lemma val_exclusive_block:
  assumes "1 \<le> s"
  shows "\<exists>l. s \<le> l \<and> length (exclusive_block L s) = l \<and>
           (\<forall>j. val (exclusive_block L s) j = H (Suc (l + j)))"
proof -
  obtain t p0 where tp0: "N dvd t" "1 \<le> t" "s \<le> t + p0"
    "exclusive_block L s = tp (t - 1) @ [Th t + 1] @ replicate p0 0"
    using exclusive_block_form[OF assms] by blast
  have "val (exclusive_block L s) j = H (Suc (t + p0 + j))" for j
  proof -
    have tt: "tp t = tp (t - 1) @ [Th t]" using theta_pre_Suc[of "t - 1"] tp0(2) by simp
    have "val (exclusive_block L s) j = val (tp (t - 1)) (Suc (p0 + j)) + (Th t + 1) * H (Suc (p0 + j))"
      unfolding tp0(4) by (simp add: val_append algebra_simps)
    also have "\<dots> = val (tp t) (p0 + j) + H (Suc (p0 + j))"
      unfolding tt by (simp add: val_append algebra_simps)
    also have "\<dots> = theta_val (t + p0 + j) t + H (Suc (t + p0 + j) - t)" unfolding theta_val_def by simp
    also have "\<dots> = H (Suc (t + p0 + j))" using theta_val_period[OF tp0(1), of "t + p0 + j"] by simp
    finally show ?thesis .
  qed
  moreover have "length (exclusive_block L s) = t + p0" unfolding tp0(4) using tp0(2) by simp
  ultimately show ?thesis using tp0(3) by (intro exI[of _ "t + p0"]) simp
qed

definition next_block :: "nat \<Rightarrow> nat list \<Rightarrow> nat list" where
  "next_block s p = (SOME p'. p' \<in> raw_blocks s \<and> val p' 0 = val p 0 + 1)"

lemma next_block:
  assumes "1 \<le> s" "p \<in> raw_blocks s" "p \<noteq> tp s"
  shows "next_block s p \<in> raw_blocks s" "val (next_block s p) 0 = val p 0 + 1"
  using someI_ex[OF raw_block_succ_exists[OF assms]] unfolding next_block_def by auto

definition upper_end :: "nat \<Rightarrow> nat list \<Rightarrow> nat \<Rightarrow> nat" where
  "upper_end s p M = (if p = tp s then H (Suc M) else val (next_block s p) (M - s))"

==============================

WORK ORDER
After locating the line with "(\<forall>j. val (exclusive_block" in the material above, return it and each line after it exactly, ending at the line with "1)) (Suc (p0".

SOLUTION TO THE EXERCISE
           (\<forall>j. val (exclusive_block L s) j = H (Suc (l + j)))"
proof -
  obtain t p0 where tp0: "N dvd t" "1 \<le> t" "s \<le> t + p0"
    "exclusive_block L s = tp (t - 1) @ [Th t + 1] @ replicate p0 0"
    using exclusive_block_form[OF assms] by blast
  have "val (exclusive_block L s) j = H (Suc (t + p0 + j))" for j
  proof -
    have tt: "tp t = tp (t - 1) @ [Th t]" using theta_pre_Suc[of "t - 1"] tp0(2) by simp
    have "val (exclusive_block L s) j = val (tp (t - 1)) (Suc (p0 + j)) + (Th t + 1) * H (Suc (p0 + j))"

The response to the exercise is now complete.